[Action item]:
Line by line, copy out the data that follows.
___ Raw data ___
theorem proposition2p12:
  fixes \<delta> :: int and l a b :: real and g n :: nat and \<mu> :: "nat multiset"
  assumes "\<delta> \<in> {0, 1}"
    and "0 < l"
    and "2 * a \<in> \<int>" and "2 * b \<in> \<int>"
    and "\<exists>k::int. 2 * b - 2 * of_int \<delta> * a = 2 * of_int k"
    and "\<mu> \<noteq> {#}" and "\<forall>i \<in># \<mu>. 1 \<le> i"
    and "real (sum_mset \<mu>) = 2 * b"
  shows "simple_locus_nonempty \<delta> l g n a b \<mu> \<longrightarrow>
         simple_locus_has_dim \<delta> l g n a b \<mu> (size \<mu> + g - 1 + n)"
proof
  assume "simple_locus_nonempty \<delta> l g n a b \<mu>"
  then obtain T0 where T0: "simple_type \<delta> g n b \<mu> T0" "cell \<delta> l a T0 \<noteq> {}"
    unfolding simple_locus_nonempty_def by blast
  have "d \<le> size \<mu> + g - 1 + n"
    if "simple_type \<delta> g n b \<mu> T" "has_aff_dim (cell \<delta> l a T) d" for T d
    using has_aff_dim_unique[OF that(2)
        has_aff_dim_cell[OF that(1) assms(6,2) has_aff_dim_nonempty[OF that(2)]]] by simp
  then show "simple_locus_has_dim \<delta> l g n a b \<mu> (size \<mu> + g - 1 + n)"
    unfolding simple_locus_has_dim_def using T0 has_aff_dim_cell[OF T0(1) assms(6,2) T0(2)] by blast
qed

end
___
[Your solution]:
theorem proposition2p12:
  fixes \<delta> :: int and l a b :: real and g n :: nat and \<mu> :: "nat multiset"
  assumes "\<delta> \<in> {0, 1}"
    and "0 < l"
    and "2 * a \<in> \<int>" and "2 * b \<in> \<int>"
    and "\<exists>k::int. 2 * b - 2 * of_int \<delta> * a = 2 * of_int k"
    and "\<mu> \<noteq> {#}" and "\<forall>i \<in># \<mu>. 1 \<le> i"
    and "real (sum_mset \<mu>) = 2 * b"
  shows "simple_locus_nonempty \<delta> l g n a b \<mu> \<longrightarrow>
         simple_locus_has_dim \<delta> l g n a b \<mu> (size \<mu> + g - 1 + n)"
proof
  assume "simple_locus_nonempty \<delta> l g n a b \<mu>"
  then obtain T0 where T0: "simple_type \<delta> g n b \<mu> T0" "cell \<delta> l a T0 \<noteq> {}"
    unfolding simple_locus_nonempty_def by blast
  have "d \<le> size \<mu> + g - 1 + n"
    if "simple_type \<delta> g n b \<mu> T" "has_aff_dim (cell \<delta> l a T) d" for T d
    using has_aff_dim_unique[OF that(2)
        has_aff_dim_cell[OF that(1) assms(6,2) has_aff_dim_nonempty[OF that(2)]]] by simp
  then show "simple_locus_has_dim \<delta> l g n a b \<mu> (size \<mu> + g - 1 + n)"
    unfolding simple_locus_has_dim_def using T0 has_aff_dim_cell[OF T0(1) assms(6,2) T0(2)] by blast
qed

end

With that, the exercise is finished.